|Christèle Faure (Safe River)|
Date de l'exposé : 30 septembre 2011
Software security assessment based on static analysis
Software security evaluation has been largely automated: several hundred of tools are meant to facilitate the elimination of security holes, vulnerabilities or flaws for a large panel of programming languages (C, C++, Java, Ada, Perl, Python, PHP ...). Amongst these tools, one can find: commercial or research tools, focused on various aspects of security, and based on several technologies. This makes the choice of tools with respect to security objectives really difficult for any user.
The main security issues which are addressed by existing tools are the threefold:
- Identification of “dangerous function calls”, by syntactic analysis;
- Detection of dangerous patterns and detection of patterns that do not conform to design and coding rules, based on pattern analysis;
- Proof that an application is “error-free” and “weaknesses-free” by semantic analysis (abstract interpretation), with respect to secure execution and secure behavior.

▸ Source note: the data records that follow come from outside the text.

text \<open>
  Unwinding the recursion that defines \<open>rk\<^sub>X\<close>, the prime extensions of a finite
  \<open>F \<subseteq> X\<close> correspond to the cuts \<open>D\<close> of \<open>F\<close>, and their realizations to the points
  of the gap of \<open>D\<close>, the points of \<open>X - F\<close> filling that cut. Adding a point \<open>c\<close> of a
  gap splits this gap into its parts below and above \<open>c\<close> and leaves the other gaps
  unchanged. Hence \<open>rk\<^sub>X(F) \<ge> \<alpha>\<close> iff every gap of \<open>F\<close> has split rank \<open>\<ge> \<alpha>\<close>, where
  a set has split rank \<open>\<ge> \<beta> + 1\<close> iff one of its points splits it into two sets of
  split rank \<open>\<ge> \<beta>\<close>; in particular \<open>rk(X)\<close> is the split rank of \<open>X\<close>.

  The orders \<open>X(0) = \<emptyset>\<close>, \<open>X(\<beta> + 1) = X(\<beta>) + 1 + X(\<beta>)\<close> and
  \<open>X(\<lambda>) = \<Sum>\<beta><\<lambda>. X(\<beta>)\<close> have split rank exactly their index; the upper bound for
  \<open>X(\<beta>)\<close> is proved simultaneously with the bound \<open>\<beta> + 2\<close> for the partial sum
  \<open>\<Sum>\<gamma>\<le>\<beta>. X(\<gamma>)\<close>. For countable \<open>\<alpha>\<close> the order \<open>X(\<alpha>)\<close> is countable, and a copy of
  it on \<open>\<nat>\<close> has rank \<open>\<alpha>\<close>.
\<close>

section \<open>Split rank\<close>

text \<open>The recursion pattern of \<^const>\<open>rk_ge\<close>, abstracted over its successor step, so that
  the unfolding equations are proved once for \<^const>\<open>rk_ge\<close> and for the split rank.\<close>
definition rank_rec :: "'w rel \<Rightarrow> (('x \<Rightarrow> bool) \<Rightarrow> 'x \<Rightarrow> bool) \<Rightarrow> 'w \<Rightarrow> 'x \<Rightarrow> bool" where
  "rank_rec W P = wfrec (W - Id) (\<lambda>g a x.
     if \<not> (\<exists>b. (b, a) \<in> W \<and> b \<noteq> a) then True
     else if (\<exists>b. is_pred W b a) then P (g (THE b. is_pred W b a)) x
     else (\<forall>b. (b, a) \<in> W \<and> b \<noteq> a \<longrightarrow> g b x))"

lemma rk_ge_eq_rank_rec:
  "rk_ge W L = rank_rec W (\<lambda>h F. \<forall>B. prime_ext L F B \<longrightarrow> (\<exists>C. realization L F B C \<and> h C))"
  unfolding rk_ge_def rank_rec_def ..

definition split_rank_ge :: "'w rel \<Rightarrow> 'b rel \<Rightarrow> 'w \<Rightarrow> 'b set \<Rightarrow> bool" where
  "split_rank_ge W R = rank_rec W (\<lambda>h S. \<exists>c\<in>S. h (S \<inter> underS R c) \<and> h (S \<inter> aboveS R c))"

locale ordinal_rel = W: wo_rel W for W :: "'w rel"
begin

lemma is_pred_underS: "is_pred W b a \<Longrightarrow> b \<in> W.underS a"
  unfolding is_pred_def underS_def by simp

lemma is_pred_unique:
  assumes "is_pred W b a" and "is_pred W b' a"
  shows "b = b'"
proof -
  have "b \<in> Field W" "b' \<in> Field W"
    using assms unfolding is_pred_def by (auto intro: FieldI1)
  then have "(b, b') \<in> W \<or> (b', b) \<in> W"
    using W.TOTALS by blast
  then show ?thesis
    using assms unfolding is_pred_def by blast
qed

lemma the_is_pred: "is_pred W b a \<Longrightarrow> (THE b. is_pred W b a) = b"
  using is_pred_unique by blast

lemma underS_is_pred:
  assumes "is_pred W p a" and "b \<in> W.underS a"
  shows "(b, p) \<in> W"
proof -
  have "b \<in> Field W" "p \<in> Field W"
    using assms unfolding is_pred_def underS_def by (auto intro: FieldI1)
  then have "(b, p) \<in> W \<or> (p, b) \<in> W"
    using W.TOTALS by blast
  then show ?thesis
    using assms unfolding is_pred_def underS_def by blast
qed

lemma is_pred_suc:
  assumes "g \<in> W.underS a"
  shows "is_pred W g (W.suc {g})" and "(W.suc {g}, a) \<in> W"
proof -
  have a: "a \<in> W.AboveS {g}"
    using assms by (auto simp: underS_def AboveS_def intro: FieldI2)
  have g: "{g} \<subseteq> Field W"
    using assms by (auto simp: underS_def intro: FieldI1)
  have s: "W.suc {g} \<in> W.AboveS {g}"
    using W.suc_AboveS[OF g] a by blast
  have between: "c = g \<or> c = W.suc {g}" if "(g, c) \<in> W" "(c, W.suc {g}) \<in> W" for c
  proof (rule ccontr)
    assume "\<not> (c = g \<or> c = W.suc {g})"
    then have "c \<in> W.AboveS {g}"
      using that by (auto simp: AboveS_def intro: FieldI2)
    then have "(W.suc {g}, c) \<in> W"
      by (rule W.suc_least_AboveS)
    then have "c = W.suc {g}"
      by (rule antisymD[OF W.ANTISYM that(2)])
    then show False
      using \<open>\<not> (c = g \<or> c = W.suc {g})\<close> by simp
  qed
  have "(g, W.suc {g}) \<in> W" "g \<noteq> W.suc {g}"
    using s by (auto simp: AboveS_def)
  with between show "is_pred W g (W.suc {g})"
    unfolding is_pred_def by blast
  show "(W.suc {g}, a) \<in> W"
    using W.suc_least_AboveS[OF a] .
qed
lemma private_profile_hyperoctahedral_image:
  assumes "g \<in> hyperoctahedral_group" "finite S"
  shows "private_profile (g ` S) = private_profile S"
proof -
  obtain \<sigma> C where \<sigma>: "\<sigma> permutes UNIV" and g: "g = hyperoct_map \<sigma> C"
    using assms(1) unfolding hyperoctahedral_group_def by blast
  have "card (private_coords (g ` S) (g v)) = card (private_coords S v)" for v
    using private_coords_hyperoct_map[OF \<sigma>] permutes_inj[OF \<sigma>] permutes_surj[OF \<sigma>]
    by (simp add: g card_vimage_inj)
  moreover have "mset_set (g ` S) = image_mset g (mset_set S)"
    using image_mset_mset_set[OF inj_on_subset[OF inj_hyperoct_map[OF \<sigma>]]] by (simp add: g)
  ultimately show ?thesis
    by (simp add: private_profile_def multiset.map_comp o_def)
qed

lemma private_coords_triangle:
  assumes "a \<noteq> b" "b \<noteq> c" "a \<noteq> c"
  shows "private_coords {a, b, c} a = {i. a $ i \<noteq> b $ i \<and> a $ i \<noteq> c $ i}"
    and "private_coords {a, b, c} b = {i. b $ i \<noteq> a $ i \<and> b $ i \<noteq> c $ i}"
    and "private_coords {a, b, c} c = {i. c $ i \<noteq> a $ i \<and> c $ i \<noteq> b $ i}"
  using assms by (auto simp: private_coords_def)

lemma private_profile_triangle:
  assumes "a \<noteq> b" "b \<noteq> c" "a \<noteq> c"
  shows "private_profile {a, b, c} = {#card (private_coords {a, b, c} a),
    card (private_coords {a, b, c} b), card (private_coords {a, b, c} c)#}"
  using assms by (simp add: private_profile_def)

lemma private_coords_disjoint:
  assumes "S \<subseteq> cube_vertices" "{u, v, w} \<subseteq> S" "u \<noteq> v" "v \<noteq> w" "u \<noteq> w"
  shows "private_coords S u \<inter> private_coords S v = {}"
proof -
  have "u $ i = v $ i \<or> u $ i = w $ i \<or> v $ i = w $ i" for i
    using assms(1,2) cube_vertex_coord by (metis insert_subset subset_iff)
  then show ?thesis using assms(2-5) by (auto simp: private_coords_def)
qed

Existing tools implement different analysis methods: syntactic analysis, pattern analysis, abstract interpretation, each of them enables to detect different errors classes or enables to verify different security rules. They also are different in terms of selectivity, soundness and precision. Static analysis tools do not take into account exploitation and scenarios that can take benefit of implementation errors and weaknesses. The question of weaknesses exploitation is usually addressed by dynamic analysis. SafeRiver is developing the CadRiver tool based on static analysis by abstract interpretation, in order to help in Security Audit of C-written applications. It aims at analyzing and assess exploitability of code weaknesses -found by the tool itself or other static tools.